ISSN Online: 2688-7231
ISBN Online: 978-1-56700-524-0
Proceedings of the 26thNational and 4th International ISHMT-ASTFE Heat and Mass Transfer Conference December 17-20, 2021, IIT Madras, Chennai-600036, Tamil Nadu, India
Assessment of parallelization techniques for an Eulerian-Lagrangian multiphase flow algorithm
Turbulent flows carrying a large population of small, inertial particles are commonly observed in nature and engineering applications. The complex interactions between tiny particles and the carrier fluid turbulence observed in such flows are resolved accurately, both in space and time, using Eulerian-Lagrangian direct numerical simulation (DNS). Nevertheless, these computations are resource-intensive, and therefore, parallel computations are necessary to cut down the computation time. This paper presents various parallelization techniques implemented in the in-house code MGLET-LaParT using Message Passing Interface (MPI) to perform Eulerian-Lagrangian DNS of particle-laden turbulent flows.
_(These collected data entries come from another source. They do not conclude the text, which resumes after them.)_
definition step :: "real mat \<Rightarrow> real mat \<Rightarrow> real mat \<Rightarrow> real mat" where
  "step A Si X = X + A * Si * pinv (transpose_mat Si * (A * A) * Si) * transpose_mat Si
        * (A - A * X * A) * Si * pinv (transpose_mat Si * (A * A) * Si) * transpose_mat Si * A"

(* X_k for the sequence of drawn indices is = [i_0, ..., i_{k-1}], starting at X_0 = A W A *)
definition iterate :: "real mat \<Rightarrow> (nat \<Rightarrow> real mat) \<Rightarrow> real mat \<Rightarrow> nat list \<Rightarrow> real mat" where
  "iterate A S W is = foldl (\<lambda>X i. step A (S i) X) (A * W * A) is"

(* E[ || X_k - A^+ ||_F^2 ] over i.i.d. draws with P(S = S_i) = p_i, i = 1..r *)
definition expected_err :: "real mat \<Rightarrow> (nat \<Rightarrow> real mat) \<Rightarrow> (nat \<Rightarrow> real) \<Rightarrow> nat
                            \<Rightarrow> real mat \<Rightarrow> nat \<Rightarrow> real" where
  "expected_err A S p r W k =
     (\<Sum>is\<in>{is. length is = k \<and> set is \<subseteq> {1..r}}.
        (\<Prod>i\<leftarrow>is. p i) * frob_sq (iterate A S W is - pinv A))"

definition EZRZ :: "nat \<Rightarrow> real mat \<Rightarrow> (nat \<Rightarrow> real mat) \<Rightarrow> (nat \<Rightarrow> real) \<Rightarrow> nat \<Rightarrow> real mat \<Rightarrow> real mat" where
  "EZRZ n A S p r R = mat n n (\<lambda>(a, b). \<Sum>i\<in>{1..r}. p i * (Zmat A (S i) * R * Zmat A (S i)) $$ (a, b))"

definition rate :: "nat \<Rightarrow> real mat \<Rightarrow> (nat \<Rightarrow> real mat) \<Rightarrow> (nat \<Rightarrow> real) \<Rightarrow> nat \<Rightarrow> real" where
  "rate n A S p r = 1 - Inf {frob_inner (EZRZ n A S p r R) R | R.
      (\<exists>Q \<in> carrier_mat n n. R = A * Q * A) \<and> frob_sq R = 1}"

end

theory Submission
  imports Defs
begin

text \<open>
  Write \<open>E\<^sub>k = X\<^sub>k - A\<^sup>\<dagger>\<close>. One step gives \<open>E\<^sub>k\<^sub>+\<^sub>1 = E\<^sub>k - Z E\<^sub>k Z\<close>, where
  \<open>Z = A S (S\<^sup>T A\<^sup>2 S)\<^sup>\<dagger> S\<^sup>T A\<close> is the orthogonal projection onto the range of \<open>A S\<close>.
  Hence, by Pythagoras, \<open>\<parallel>E\<^sub>k\<^sub>+\<^sub>1\<parallel>\<^sup>2 = \<parallel>E\<^sub>k\<parallel>\<^sup>2 - \<parallel>Z E\<^sub>k Z\<parallel>\<^sup>2\<close>, and averaging over \<open>S\<close>
  the error decreases by \<open>\<langle>\<bbbE>[Z E\<^sub>k Z], E\<^sub>k\<rangle>\<close>. All errors have the form \<open>A Q A\<close>, and on
  such matrices this quantity is at least \<open>(1 - \<rho>) \<parallel>E\<^sub>k\<parallel>\<^sup>2\<close>. The rate is below \<open>1\<close>
  because, by compactness, a vanishing infimum would be attained at a unit matrix \<open>R = A Q A\<close>
  with all \<open>Z\<^sub>i R Z\<^sub>i = 0\<close>, hence all \<open>S\<^sub>i\<^sup>T A R A S\<^sub>i = 0\<close>, hence \<open>A R A = 0\<close> by the
  null space condition, and then \<open>R = A\<^sup>\<dagger> (A R A) A\<^sup>\<dagger> = 0\<close>. The Kronecker form of the
  condition is \<open>vec (S\<^sub>i\<^sup>T A R A S\<^sub>i) = (S\<^sub>i\<^sup>T \<otimes> S\<^sub>i\<^sup>T) (A \<otimes> A) vec R\<close>. The pseudoinverses
  involved are those of symmetric matrices, which exist as polynomials in the matrix.
\<close>

declare assoc_mult_mat[simp del]

lemma assoc_mult_mat_dims:
  fixes A B C :: "'a::semiring_0 mat"
  assumes "dim_col A = dim_row B" "dim_col B = dim_row C"
  shows "A * B * C = A * (B * C)"
proof -
  have "A \<in> carrier_mat (dim_row A) (dim_col A)" "B \<in> carrier_mat (dim_col A) (dim_col B)"
    "C \<in> carrier_mat (dim_col B) (dim_col C)" unfolding carrier_mat_def using assms by auto
  thus ?thesis by (rule assoc_mult_mat)
qed

lemma transpose_mult_dims:
  fixes A B :: "'a::comm_semiring_0 mat"
  assumes "dim_col A = dim_row B"
  shows "transpose_mat (A * B) = transpose_mat B * transpose_mat A"
proof -
  have "A \<in> carrier_mat (dim_row A) (dim_col A)" "B \<in> carrier_mat (dim_col A) (dim_col B)"
    unfolding carrier_mat_def using assms by auto
  thus ?thesis by (rule transpose_mult)
qed

lemma index_mult_mat_sum:
  assumes "a < dim_row A" "b < dim_col B" "dim_col A = dim_row B"
  shows "(A * B) $$ (a, b) = (\<Sum>l<dim_row B. A $$ (a, l) * B $$ (l, b))"
  using assms by (auto simp: scalar_prod_def lessThan_atLeast0 intro!: sum.cong)

lemma transpose_mult_self_eq_zero:
  fixes X :: "real mat"
  assumes X: "X \<in> carrier_mat m k" and z: "transpose_mat X * X = 0\<^sub>m k k"
  shows "X = 0\<^sub>m m k"
proof (rule eq_matI)
  fix i j assume i: "i < dim_row (0\<^sub>m m k)" and j: "j < dim_col (0\<^sub>m m k)"
  have "(transpose_mat X * X) $$ (j, j) = 0" using z j by simp
  hence "(\<Sum>l<m. (X $$ (l, j))\<^sup>2) = 0" using X j
    by (simp add: scalar_prod_def power2_eq_square lessThan_atLeast0)
  hence "\<forall>l\<in>{..<m}. (X $$ (l, j))\<^sup>2 = 0"
    by (subst (asm) sum_nonneg_eq_0_iff) auto
  thus "X $$ (i, j) = 0\<^sub>m m k $$ (i, j)" using i j by simp
qed (use X in auto)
A strong scaling study is performed on Intel Xeon Silver 4116 CPU cluster ‘Pavan’ to assess the performances of implemented parallelization techniques. Relative comparisons of the computation costs of executing critical steps among various parallel algorithms are presented. We perform simulations addressing two different scenarios, uniform and highly non-uniform particle distributions over the MPI subdomains, respectively. We show that the parallelization based on the Eulerian domain decomposition is the computationally most efficient strategy for flow configurations that produce uniform particle distribution over MPI subdomains. On the other hand, the Lagrangian data decomposition based parallelization is an appropriate strategy for flow problems that exhibit highly non-uniform distribution of particles over MPI subdomains.